東証にはTOPIX(東証株価指数)を対象とした先物が上場しています。TOPIX先物取引と呼ばれる商品です。日経225先物取引のTOPIX版ですね。
2月8日、東証のTOPIX先物取引のシステムで障害が発生し、後場の取引が中止となりました。今のところ、復旧の見込みは立っていません。以下、ロイター・ニュースからの抜粋です。
[東京 8日 ロイター] 東京証券取引所は8日、派生売買システムの障害について、原因はプログラム上のトラブルとの見方を示した。また、週明けのTOPIX先物3月限売買再開については、現時点で見通しがたっていないとしている。
東証は8日の前引け後、派生売買システムに障害が発生し、復旧の見込みが立たないとして、TOPIX先物2008年3月限の売買を後場から終日停止した。
記者会見した東証の広瀬IT企画部長によると、障害の原因については「ベンダーの富士通(6702.T: 株価, ニュース, レポート)とともに究明を急いでいるが、特定するには至っていない。何らかのプログラム上のトラブルだ」として・・・
ハードウェアのトラブルならバックアップが取れるので障害が発生しても、バックアップを運用することによって障害から立ち直ることが可能です。しかし、今回はプログラムのトラブルであり、バックアップによる再起動が通用しないので、問題が長引いています。不幸中の幸いなのは明日から三連休なことです。三連休中の回復に期待したいところです。
ところで、今回障害が発生したTOPIX先物取引のシステムを開発したのは富士通です。そして、現在使われている東証の株式売買システムを開発したのも富士通です。この株式売買システムは、2005年11月1日にプログラムのミスで売買が停止したことがあります(現在は修正済み)。
また、東証の株式売買システムは、2006年1月18日、ライブドアショックによる売買件数の急増に耐えられず14:40に全銘柄の取引を停止しました。東証はこのライブドアショックでの失態を教訓として、次世代システムの開発に着手しています。

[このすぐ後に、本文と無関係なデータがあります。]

theorem lemma3p1:
  fixes T :: real
    and v :: "real \<Rightarrow> real \<Rightarrow> real^3"
    and v0 :: "real \<Rightarrow> real^3"
    and D :: "nat \<Rightarrow> nat \<Rightarrow> real \<Rightarrow> real \<Rightarrow> real^3"
  assumes T_pos: "T > 0"
    and D00: "\<And>s t. s \<ge> 0 \<Longrightarrow> t \<in> {0..T} \<Longrightarrow> D 0 0 s t = v s t"
    and D_s: "\<And>j k s t. s \<ge> 0 \<Longrightarrow> t \<in> {0..T} \<Longrightarrow>
               ((\<lambda>\<sigma>. D j k \<sigma> t) has_vector_derivative D (Suc j) k s t) (at s within {0..})"
    and D_t: "\<And>j k s t. s \<ge> 0 \<Longrightarrow> t \<in> {0..T} \<Longrightarrow>
               ((\<lambda>\<tau>. D j k s \<tau>) has_vector_derivative D j (Suc k) s t) (at t within {0..T})"
    and D_cont: "\<And>j k. continuous_on {(s, t). s \<ge> 0 \<and> t \<in> {0..T}} (\<lambda>(s, t). D j k s t)"
    and pde: "\<And>s t. s > 0 \<Longrightarrow> t \<in> {0<..T} \<Longrightarrow> D 0 1 s t = cross3 (v s t) (D 2 0 s t)"
    and init: "\<And>s. s > 0 \<Longrightarrow> v s 0 = v0 s"
    and bdry: "\<And>t. t \<in> {0<..T} \<Longrightarrow> v 0 t = vector [0, 0, 1]"
    and unit: "\<And>s. s \<ge> 0 \<Longrightarrow> norm (v0 s) = 1"
  shows "\<forall>n::nat. n \<ge> 1 \<longrightarrow> (\<forall>t \<in> {0<..T}.
           cross3 (v 0 t) (D (2 * n) 0 0 t) = 0 \<and>
           (\<forall>j l. j + l = 2 * n + 1 \<longrightarrow> D j 0 0 t \<bullet> D l 0 0 t = 0))"
proof -
  interpret schroedinger_map_ibvp T v v0 D
    using T_pos D00 D_s D_t pde init bdry unit by unfold_locales
  show ?thesis
  proof (intro allI impI ballI conjI)
    fix n :: nat and t and j l assume t: "t \<in> {0<..T}"
    show "cross3 (v 0 t) (D (2 * n) 0 0 t) = 0"
      using boundary_derivatives_parity_aligned[OF t, of "2 * n"] bdry[OF t]
      by (simp add: parity_aligned_def cross3_e3_eq_0_iff)
    assume "j + l = 2 * n + 1"
    then show "D j 0 0 t \<bullet> D l 0 0 t = 0"
      using inner_eq_0_if_odd_parity[OF boundary_derivatives_parity_aligned[OF t, of j]
          boundary_derivatives_parity_aligned[OF t, of l]] by simp
  qed
qed

end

2009年後半の稼働を目指す次世代売買システム開発の入札に勝利したのは富士通です。ITproの記事によると、次世代売買システムはOS=Linuxとサーバー「PRIMEQUEST」の組み合わせで開発されているとのことです。今回障害を起こしたTOPIX先物のシステムもLinuxとPRIMEQUESTで開発されたものです。
個人的には、東証は次世代システムの開発で日立を選ぶべきだったと考えています。
実は今回障害を起こした富士通のTOPIX先物取引システムですが2008年1月15日から稼動を開始したものです。それ以前に稼動していたTOPIX先物取引システムは日立製でした。日立製のシステムで今回のような大きなトラブルは聞いたことがありません。
また、大阪証券取引所のヘラクレスという市場は2006年2月26日まで富士通開発の取引システムを使っていました。このシステムの末期は情報配信や注文約定の遅延を頻繁に起こしていたものです。2006年2月27日からヘラクレスの取引システムは日立製になり改善されました。ヘラクレスは、現行の東証のシステムより高速な注文処理を実現しています。